И действительно, гладкое лицо мистера Инглвуда доказывало, что он отнюдь не изнуряет себя постами ни в судейском рвении, ни в религиозном.

— Прошу извинения, сэр, что являюсь в неурочный час; но затронуто мое доброе имя, и так как вы, по-видимому, уже отобедали…

— Это не меняет дела, сэр, — возразил судья, — наравне с едой человеку необходимо пищеварение, и я заявляю, что пища не пойдет мне впрок, если мне после ее принятия не дадут мирно посидеть часа два за веселой беседой и бутылкой вина.

— Извините, ваша честь, — сказал мистер Джобсон, успевший за этот короткий срок, пока длился наш разговор, принести чернильницу и очинить перо, — поскольку дело идет о тяжком преступлении и джентльмену, видимо, не терпится, лицо, обвиненное в действиях contra pacem domini regis[71]

— К чёрту доминия регис! — сказал с раздражением судья. — Надеюсь, эти слова не составляют государственной измены. Но, право, можно взбеситься, когда тебя так донимают! Дадут ли мне отдохнуть хоть минуту от арестов, приказов, обвинительных актов, порук, заключений, дознаний? Заявляю вам, мистер Джобсон, что я в один из ближайших дней пошлю к дьяволу и вас и звание судьи.

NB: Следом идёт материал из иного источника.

lemma nn_integral_beta_posterior:
  fixes X :: "real^'p^'n"
  assumes K: "K \<ge> 0" and s: "s > 0"
  shows "(\<integral>\<^sup>+\<beta>. indicator {0<..} g * ennreal (K * s powr (- real CARD('n) / 2 - 1 - real CARD('p) / 2)
            * exp (- R / (2 * s)) * g powr (- real CARD('p) / 2) * (1 + g) powr (- a / 2)
            * exp (- ((norm (X *v (b - \<beta>)))\<^sup>2 / (2 * s) + (norm (X *v \<beta>))\<^sup>2 / (2 * (g * s))))) \<partial>lborel)
       = ennreal (K * 2 powr (real CARD('p) / 2) * s powr (- real CARD('n) / 2 - 1) * exp (- R / (2 * s)))
         * design_gaussian_integral X
         * (ennreal ((1 + g) powr (- ((a + real CARD('p)) / 2)) * exp (- (norm (X *v b))\<^sup>2 / (2 * s * (1 + g))))
            * indicator {0<..} g)"
proof (cases "g > 0")
  case g: True
  define n p where "n = real CARD('n)" and "p = real CARD('p)"
  define C where "C = K * s powr (- n / 2 - 1 - p / 2) * exp (- R / (2 * s)) * g powr (- p / 2) * (1 + g) powr (- a / 2)"
  define E where "E = exp (- (norm (X *v b))\<^sup>2 / (2 * s * (1 + g)))"
  have C: "C \<ge> 0"
    using K by (simp add: C_def)
  have "C * ((1 + g) / (2 * g * s)) powr (- p / 2)
      = K * (s powr (- n / 2 - 1 - p / 2) * s powr (p / 2)) * 2 powr (p / 2) * exp (- R / (2 * s))
        * (1 + g) powr (- ((a + p) / 2))"
    using powr_hyper_g_collect[OF g s, of p a] s
    by (simp add: C_def powr_mult mult_ac)
  also have "s powr (- n / 2 - 1 - p / 2) * s powr (p / 2) = s powr (- n / 2 - 1)"
    by (simp add: powr_add[symmetric])
  finally have const_eq: "C * ((1 + g) / (2 * g * s)) powr (- p / 2)
      = K * 2 powr (p / 2) * s powr (- n / 2 - 1) * exp (- R / (2 * s)) * (1 + g) powr (- ((a + p) / 2))"
    by (simp only: mult_ac)
  then have rearrange: "C * ((1 + g) / (2 * g * s)) powr (- p / 2) * E
      = (K * 2 powr (p / 2) * s powr (- n / 2 - 1) * exp (- R / (2 * s))) * ((1 + g) powr (- ((a + p) / 2)) * E)"
    by (simp only: mult.assoc[symmetric])
  have "(\<integral>\<^sup>+\<beta>. indicator {0<..} g * ennreal (K * s powr (- n / 2 - 1 - p / 2)
            * exp (- R / (2 * s)) * g powr (- p / 2) * (1 + g) powr (- a / 2)
            * exp (- ((norm (X *v (b - \<beta>)))\<^sup>2 / (2 * s) + (norm (X *v \<beta>))\<^sup>2 / (2 * (g * s))))) \<partial>lborel)
      = (\<integral>\<^sup>+\<beta>. ennreal C * ennreal (exp (- ((norm (X *v (b - \<beta>)))\<^sup>2 / (2 * s)
            + (norm (X *v \<beta>))\<^sup>2 / (2 * (g * s))))) \<partial>lborel)"
    using g C by (simp add: C_def ennreal_mult)
  also have "\<dots> = ennreal C * (\<integral>\<^sup>+\<beta>. ennreal (exp (- ((norm (X *v (b - \<beta>)))\<^sup>2 / (2 * s)
            + (norm (X *v \<beta>))\<^sup>2 / (2 * (g * s))))) \<partial>lborel)"
    by (rule nn_integral_cmult) measurable
  also have "\<dots> = ennreal C * (ennreal (E * ((1 + g) / (2 * g * s)) powr (- p / 2)) * design_gaussian_integral X)"
    by (simp only: nn_integral_beta_complete_square[OF g s] E_def p_def)
  also have "\<dots> = ennreal (C * ((1 + g) / (2 * g * s)) powr (- p / 2) * E) * design_gaussian_integral X"
    using C by (simp add: ennreal_mult E_def mult_ac)
  also have "\<dots> = ennreal (K * 2 powr (p / 2) * s powr (- n / 2 - 1) * exp (- R / (2 * s)))
      * design_gaussian_integral X * (ennreal ((1 + g) powr (- ((a + p) / 2)) * E) * indicator {0<..} g)"
    unfolding rearrange using g K by (subst ennreal_mult) (simp_all add: E_def mult_ac)
  finally show ?thesis
    by (simp only: E_def n_def p_def)
qed simp

lemma nn_integral_beta_g_posterior:
  fixes X :: "real^'p^'n"
  assumes K: "K \<ge> 0" and s: "s > 0"
  shows "(\<integral>\<^sup>+g. \<integral>\<^sup>+\<beta>. indicator {0<..} g * ennreal (K * s powr (- real CARD('n) / 2 - 1 - real CARD('p) / 2)
            * exp (- R / (2 * s)) * g powr (- real CARD('p) / 2) * (1 + g) powr (- a / 2)
            * exp (- ((norm (X *v (b - \<beta>)))\<^sup>2 / (2 * s) + (norm (X *v \<beta>))\<^sup>2 / (2 * (g * s))))) \<partial>lborel \<partial>lborel)
       = ennreal (K * 2 powr (real CARD('p) / 2) * s powr (- real CARD('n) / 2 - 1) * exp (- R / (2 * s)))
         * design_gaussian_integral X
         * (\<integral>\<^sup>+g. ennreal ((1 + g) powr (- ((a + real CARD('p)) / 2)) * exp (- (norm (X *v b))\<^sup>2 / (2 * s * (1 + g))))
            * indicator {0<..} g \<partial>lborel)"
  unfolding nn_integral_beta_posterior[OF K s] by (rule nn_integral_cmult) measurable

— Ваша честь, несомненно, вспомнит, каким достоинством облечена эта должность, должность одного из quorum[72] и custos rotulorum,[73] о которой сэр Эдвард Кок мудро сказал: «Весь христианский мир не имеет ей подобной, а потому да исполняется она добросовестно».

— Ладно! — сказал судья, несколько успокоенный этим панегириком своему званию, и остаток своего недовольства утопил в огромном кубке вина. — Приступим к разбирательству и постараемся поскорее свалить дело с плеч. Скажите нам, сэр, — вы, Моррис, вы, рыцарь печального образа, — скажите, признаёте ли вы в мистере Фрэнсисе Осбальдистоне того джентльмена, на которого вы возводите обвинение, как на соучастника грабежа?

— Я, сэр? — возразил Моррис, всё еще не оправившийся от испуга. — Никакого обвинения я не возвожу; я ничего не могу сказать против джентльмена.